In verzet tegen vaccinatiedwang
Amersfoort
De Wereldgezondheidsorganisatie WHO was ooit van plan om drie besmettelijke ziekten uit de wereld te helpen: polio, pokken en mazelen. Het middel was vrij eenvoudig. Mensen krijgen geen polio, pokken en mazelen als ze zich laten vaccineren met een antistof. Niet alle mensen doen dat, zodat polio en mazelen geregeld de kop opsteken, ook in Nederland. Wel zijn de pokken stapsgewijs uit Nederland verdwenen. De laatste epidemie dateert uit 1900, het laatste ziektegeval uit 1954. Volgens de WHO zijn de pokken sinds 1979 wereldwijd verleden tijd.

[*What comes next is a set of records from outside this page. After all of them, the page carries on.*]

lemma card_wick_from_rec:
  assumes "finite V" and x: "x \<in> layer V L" and V_low: "\<And>v. v \<in> V \<Longrightarrow> L \<le> length v"
  shows "card (wick_from V L) = (\<Sum>y \<in> layer V L - {x}.
    card (wick_from {v \<in> V. L < length v \<and> take L v \<in> {x, y}} (Suc L)) *
    card (wick_from {v \<in> V. take L v \<notin> {x, y}} L))"
proof -
  let ?W = "\<lambda>y. {\<pi> \<in> wick_from V L. {x, y} \<in> \<pi> L}"
  have "wick_from V L = (\<Union>y \<in> layer V L - {x}. ?W y)"
  proof (intro equalityI subsetI)
    fix \<pi> assume \<pi>: "\<pi> \<in> wick_from V L"
    then obtain y where "y \<noteq> x" "{x, y} \<in> \<pi> L"
      using is_pairing_partner[OF wick_from_pairing[OF \<pi> order_refl] x] by metis
    moreover have "y \<in> layer V L"
      using wick_from_mem[OF \<pi> \<open>{x, y} \<in> \<pi> L\<close>] by (simp add: layer_def)
    ultimately show "\<pi> \<in> (\<Union>y \<in> layer V L - {x}. ?W y)"
      using \<pi> by blast
  qed blast
  moreover have "?W y \<inter> ?W y' = {}" if "y \<in> layer V L - {x}" "y' \<in> layer V L - {x}" "y \<noteq> y'" for y y'
    using that is_pairing_unique[OF wick_from_pairing[OF _ order_refl], of _ V L "{x, y}" "{x, y'}" x]
    by (auto simp: doubleton_eq_iff)
  moreover have "card (\<Union>y \<in> layer V L - {x}. ?W y) = (\<Sum>y \<in> layer V L - {x}. card (?W y))"
    by (rule card_UN_disjoint) (use \<open>finite V\<close> calculation(2) finite_wick_from in \<open>auto simp: layer_def\<close>)
  ultimately have "card (wick_from V L) = (\<Sum>y \<in> layer V L - {x}. card (?W y))"
    by simp
  also have "\<dots> = (\<Sum>y \<in> layer V L - {x}.
      card (wick_from {v \<in> V. L < length v \<and> take L v \<in> {x, y}} (Suc L)) *
      card (wick_from {v \<in> V. take L v \<notin> {x, y}} L))"
    using card_wick_from_with_block[OF V_low x] by (intro sum.cong) auto
  finally show ?thesis .
qed

lemma wick_from_cong:
  assumes "\<And>l. L \<le> l \<Longrightarrow> layer V l = layer W l"
  shows "wick_from V L = wick_from W L"
  unfolding wick_from_def by (simp add: assms)

lemma wick_pairings_eq_wick_from: "wick_pairings T = wick_from (positions T) 1"
  unfolding wick_pairings_def wick_from_def layer_def verts_at_def
  by (simp add: numeral_2_eq_2 Suc_le_eq less_one)

section \<open>Forests\<close>

lemma Nil_in_positions: "[] \<in> positions t"
  by (cases t) simp

lemma finite_positions: "finite (positions t)"
  by (induction t rule: positions.induct) auto

lemma Cons_in_positions_iff:
  "k # p \<in> positions t \<longleftrightarrow> k < length (children t) \<and> p \<in> positions (children t ! k)"
  by (cases t) auto

definition forest :: "nat list set \<Rightarrow> (nat list \<Rightarrow> otree) \<Rightarrow> nat list set" where
  "forest Q T = (\<Union>q \<in> Q. (@) q ` positions (T q))"

lemma forestI: "q \<in> Q \<Longrightarrow> p \<in> positions (T q) \<Longrightarrow> q @ p \<in> forest Q T"
  unfolding forest_def by blast

lemma forestE:
  assumes "v \<in> forest Q T"
  obtains q p where "q \<in> Q" "p \<in> positions (T q)" "v = q @ p"
  using assms unfolding forest_def by blast

lemma finite_forest: "finite Q \<Longrightarrow> finite (forest Q T)"
  unfolding forest_def by (simp add: finite_positions)

lemma forest_cong: "(\<And>q. q \<in> Q \<Longrightarrow> T q = T' q) \<Longrightarrow> forest Q T = forest Q T'"
  unfolding forest_def by simp

lemma forest_empty [simp]: "forest {} T = {}"
  by (simp add: forest_def)

lemma length_ge_forest: "(\<And>q. q \<in> Q \<Longrightarrow> length q = L) \<Longrightarrow> v \<in> forest Q T \<Longrightarrow> L \<le> length v"
  unfolding forest_def by auto

lemma layer_forest:
  assumes "\<And>q. q \<in> Q \<Longrightarrow> length q = L"
  shows "layer (forest Q T) L = Q"
  unfolding layer_def
proof (intro equalityI subsetI)
  fix v assume "v \<in> {v \<in> forest Q T. length v = L}"
  then obtain q p where "q \<in> Q" "v = q @ p" "length v = L"
    unfolding forest_def by blast
  then show "v \<in> Q"
    using assms by simp
next
  fix q assume "q \<in> Q"
  then have "q @ [] \<in> forest Q T"
    unfolding forest_def using Nil_in_positions by blast
  then show "q \<in> {v \<in> forest Q T. length v = L}"
    using assms \<open>q \<in> Q\<close> by simp
qed

lemma forest_outside:
  assumes "\<And>q. q \<in> Q \<Longrightarrow> length q = L"
  shows "{v \<in> forest Q T. take L v \<notin> B} = forest (Q - B) T"
proof (intro equalityI subsetI)
  fix v assume "v \<in> {v \<in> forest Q T. take L v \<notin> B}"
  then obtain q p where "q \<in> Q" "p \<in> positions (T q)" "v = q @ p" "take L v \<notin> B"
    by (auto elim: forestE)
  then show "v \<in> forest (Q - B) T"
    using assms by (simp add: forestI)
next
  fix v assume "v \<in> forest (Q - B) T"
  then obtain q p where "q \<in> Q - B" "p \<in> positions (T q)" "v = q @ p"
    by (rule forestE)
  then show "v \<in> {v \<in> forest Q T. take L v \<notin> B}"
    using assms by (simp add: forestI)
qed

definition slots :: "nat list \<Rightarrow> nat \<Rightarrow> nat list set" where
  "slots q d = (\<lambda>k. q @ [k]) ` {..<d}"

lemma mem_slots_iff: "r \<in> slots q d \<longleftrightarrow> (\<exists>k<d. r = q @ [k])"
  unfolding slots_def by auto

lemma finite_slots: "finite (slots q d)"
  by (simp add: slots_def)

lemma slots_disjoint: "x \<noteq> y \<Longrightarrow> slots x d \<inter> slots y d' = {}"
  unfolding slots_def by auto

lemma card_slots: "card (slots q d) = d"
  unfolding slots_def by (simp add: card_image inj_on_def)

definition child_roots :: "nat list set \<Rightarrow> (nat list \<Rightarrow> otree) \<Rightarrow> nat list set" where
  "child_roots B T = (\<Union>q \<in> B. slots q (length (children (T q))))"

lemma mem_child_roots_iff: "r \<in> child_roots B T \<longleftrightarrow> (\<exists>q \<in> B. \<exists>k < length (children (T q)). r = q @ [k])"
  by (simp add: child_roots_def mem_slots_iff)

definition child_tree :: "(nat list \<Rightarrow> otree) \<Rightarrow> nat list \<Rightarrow> otree" where
  "child_tree T q = children (T (butlast q)) ! last q"

lemma child_tree_snoc [simp]: "child_tree T (q @ [k]) = children (T q) ! k"
  by (simp add: child_tree_def)

lemma forest_below:
  assumes len: "\<And>q. q \<in> Q \<Longrightarrow> length q = L" and "B \<subseteq> Q"
  shows "{v \<in> forest Q T. L < length v \<and> take L v \<in> B} = forest (child_roots B T) (child_tree T)"
proof (intro equalityI subsetI)
  fix v assume "v \<in> {v \<in> forest Q T. L < length v \<and> take L v \<in> B}"
  then obtain q p where v: "q \<in> Q" "p \<in> positions (T q)" "v = q @ p" "L < length v" "take L v \<in> B"
    by (auto elim: forestE)
  then have "q \<in> B" "p \<noteq> []"
    using len[OF \<open>q \<in> Q\<close>] by auto
  then obtain k p' where p: "p = k # p'"
    by (meson neq_Nil_conv)
  then have "k < length (children (T q))" "p' \<in> positions (child_tree T (q @ [k]))"
    using v(2) by (simp_all add: Cons_in_positions_iff)
  moreover have "q @ [k] \<in> child_roots B T" if "k < length (children (T q))"
    using that \<open>q \<in> B\<close> unfolding mem_child_roots_iff by blast
  ultimately have "(q @ [k]) @ p' \<in> forest (child_roots B T) (child_tree T)"
    by (intro forestI)
  then show "v \<in> forest (child_roots B T) (child_tree T)"
    using v(3) p by simp
next
  fix v assume "v \<in> forest (child_roots B T) (child_tree T)"
  then obtain r p where r: "r \<in> child_roots B T" "p \<in> positions (child_tree T r)" "v = r @ p"
    by (rule forestE)
  then obtain q k where q: "r = q @ [k]" "q \<in> B" "k < length (children (T q))"
    unfolding mem_child_roots_iff by blast
  then have "q @ (k # p) \<in> forest Q T"
    using r(2) \<open>B \<subseteq> Q\<close> by (intro forestI) (auto simp: Cons_in_positions_iff)
  moreover have "length q = L"
    using len \<open>B \<subseteq> Q\<close> q(2) by blast
  ultimately show "v \<in> {v \<in> forest Q T. L < length v \<and> take L v \<in> B}"
    using r(3) q by simp
qed

lemma forest_child_roots_cong:
  assumes "\<And>q. q \<in> B \<Longrightarrow> T q = T' q"
  shows "forest (child_roots B T) (child_tree T) = forest (child_roots B T') (child_tree T')"
proof -
  have "child_roots B T = child_roots B T'"
    unfolding child_roots_def using assms by simp
  moreover have "child_tree T r = child_tree T' r" if r: "r \<in> child_roots B T" for r
  proof -
    obtain q k where "r = q @ [k]" "q \<in> B"
      using r unfolding mem_child_roots_iff by blast
    then show ?thesis
      using assms by simp
  qed
  ultimately show ?thesis
    using forest_cong[of "child_roots B T" "child_tree T" "child_tree T'"] by simp
qed

lemma card_wick_forest_rec:
  assumes "finite Q" and len: "\<And>q. q \<in> Q \<Longrightarrow> length q = L" and "x \<in> Q"
  shows "card (wick_from (forest Q T) L) = (\<Sum>y \<in> Q - {x}.
    card (wick_from (forest (child_roots {x, y} T) (child_tree T)) (Suc L)) *
    card (wick_from (forest (Q - {x, y}) T) L))"
proof -
  have "card (wick_from (forest Q T) L) = (\<Sum>y \<in> layer (forest Q T) L - {x}.
      card (wick_from {v \<in> forest Q T. L < length v \<and> take L v \<in> {x, y}} (Suc L)) *
      card (wick_from {v \<in> forest Q T. take L v \<notin> {x, y}} L))"
    using assms by (intro card_wick_from_rec finite_forest) (auto simp: layer_forest length_ge_forest[OF len])
  also have "\<dots> = (\<Sum>y \<in> Q - {x}.
      card (wick_from (forest (child_roots {x, y} T) (child_tree T)) (Suc L)) *
      card (wick_from (forest (Q - {x, y}) T) L))"
  proof (rule sum.cong)
    fix y assume "y \<in> Q - {x}"
    then show "card (wick_from {v \<in> forest Q T. L < length v \<and> take L v \<in> {x, y}} (Suc L)) *
        card (wick_from {v \<in> forest Q T. take L v \<notin> {x, y}} L) =
      card (wick_from (forest (child_roots {x, y} T) (child_tree T)) (Suc L)) *
        card (wick_from (forest (Q - {x, y}) T) L)"
      using forest_below[OF len, where B = "{x, y}" and T = T] forest_outside[OF len, where B = "{x, y}" and T = T]
        \<open>x \<in> Q\<close>
      by simp
  qed (simp add: layer_forest[OF len])
  finally show ?thesis .
qed

section \<open>Gaussian moments\<close>

definition normal_moment :: "nat \<Rightarrow> nat" where
  "normal_moment n = (if even n then odd_dfact (n div 2) else 0)"

lemma normal_moment_0 [simp]: "normal_moment 0 = 1"
  by (simp add: normal_moment_def odd_dfact_def)

lemma normal_moment_Suc_Suc: "normal_moment (Suc (Suc n)) = Suc n * normal_moment n"
proof (cases "even n")
  case True
  then obtain k where "n = 2 * k" by blast
  then show ?thesis
    by (simp add: normal_moment_def odd_dfact_def)
qed (simp add: normal_moment_def)

lemma odd_dfact_mult_fact: "real (odd_dfact k) * 2 ^ k * fact k = fact (2 * k)"
proof (induction k)
  case (Suc k)
  have "real (odd_dfact (Suc k)) * 2 ^ Suc k * fact (Suc k) =
      (real (odd_dfact k) * 2 ^ k * fact k) * ((2 * real k + 1) * (2 * real k + 2))"
    by (simp add: odd_dfact_def algebra_simps)
  also have "\<dots> = fact (2 * k) * ((2 * real k + 1) * (2 * real k + 2))"
    by (simp only: Suc.IH)
  also have "\<dots> = fact (2 * Suc k)"
    by (simp add: algebra_simps)
  finally show ?case .
qed (simp add: odd_dfact_def)

lemma has_bochner_integral_normal_moment:
  "has_bochner_integral lborel (\<lambda>x. std_normal_density x * x ^ n) (real (normal_moment n))"
proof (cases "even n")
  case True
  then obtain k where k: "n = 2 * k" by blast
  have "fact (2 * k) / (2 ^ k * fact k) = real (odd_dfact k)"
    using odd_dfact_mult_fact[of k] by (simp add: field_simps)
  then show ?thesis
    using std_normal_moment_even[of k] k by (simp add: normal_moment_def)
next
  case False
  then obtain k where "n = 2 * k + 1" by (metis oddE)
  then show ?thesis
    using std_normal_moment_odd[of k] by (simp add: normal_moment_def)
qed

lemma tau2_Suc_0: "tau2 c D tau0 (Suc 0) = tau0 ^ 2"
proof -
  have "has_bochner_integral lborel (\<lambda>x. tau0 ^ 2 * (std_normal_density x * x ^ 2)) (tau0 ^ 2)"
    using has_bochner_integral_mult_right[OF has_bochner_integral_normal_moment[of 2]]
    by (simp add: normal_moment_def odd_dfact_def)
  then show ?thesis
    by (simp add: has_bochner_integral_integral_eq fpoly_def power_mult_distrib mult_ac)
qed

De polio en de mazelen blijven geregeld slachtoffers eisen. Vijf jaar geleden was er een uitbraak van mazelen in de zogeheten Biblebelt, de strook van Zeeland tot de kop van Overijssel, waar veel reformatorische christenen wonen. Een deel van hen heeft principiële bezwaren tegen inenten, omdat niet de mens maar God over ziekte, leven en dood beschikt. In 2014 stierf in Tholen een niet ingeënt meisje van 17 aan de gevolgen van een mazeleninfectie.
De laatste polio-epidemie in Nederland deed zich voor in 1992 in Streefkerk in de Alblasserwaard. Het toenmalige kabinet-Lubbers III zag af van een inentingsplicht, omdat het meer verwachtte van voorlichting en overtuiging. Die voorlichting werd gegeven in het boekje Polio. Een gesprek hervat, geschreven door een voorstander van inenting, de gereformeerde ethicus Jochem Douma, en een tegenstander, ds. Aart Moerkerken, predikant in de Gereformeerde Gemeenten. De Nijmeegse historicus Peter Maas beschreef de historische achtergrond.
koepokken
De discussie over het inenten tegen besmettelijke ziekten is begonnen toen er een middel tegen de pokken gevonden werd. Dat middel staat op naam van de Engelse dokter Edward Jenner (1749-1823). Jenner wist van het bestaan van koepokken, een pokkenvariant die voorkwam bij koeien, waardoor ze puistjes op de uier kregen en minder melk gaven. Ze gingen er niet aan dood. Mensen die besmette koeien molken, bleken immuun te worden voor andere pokkenvirussen.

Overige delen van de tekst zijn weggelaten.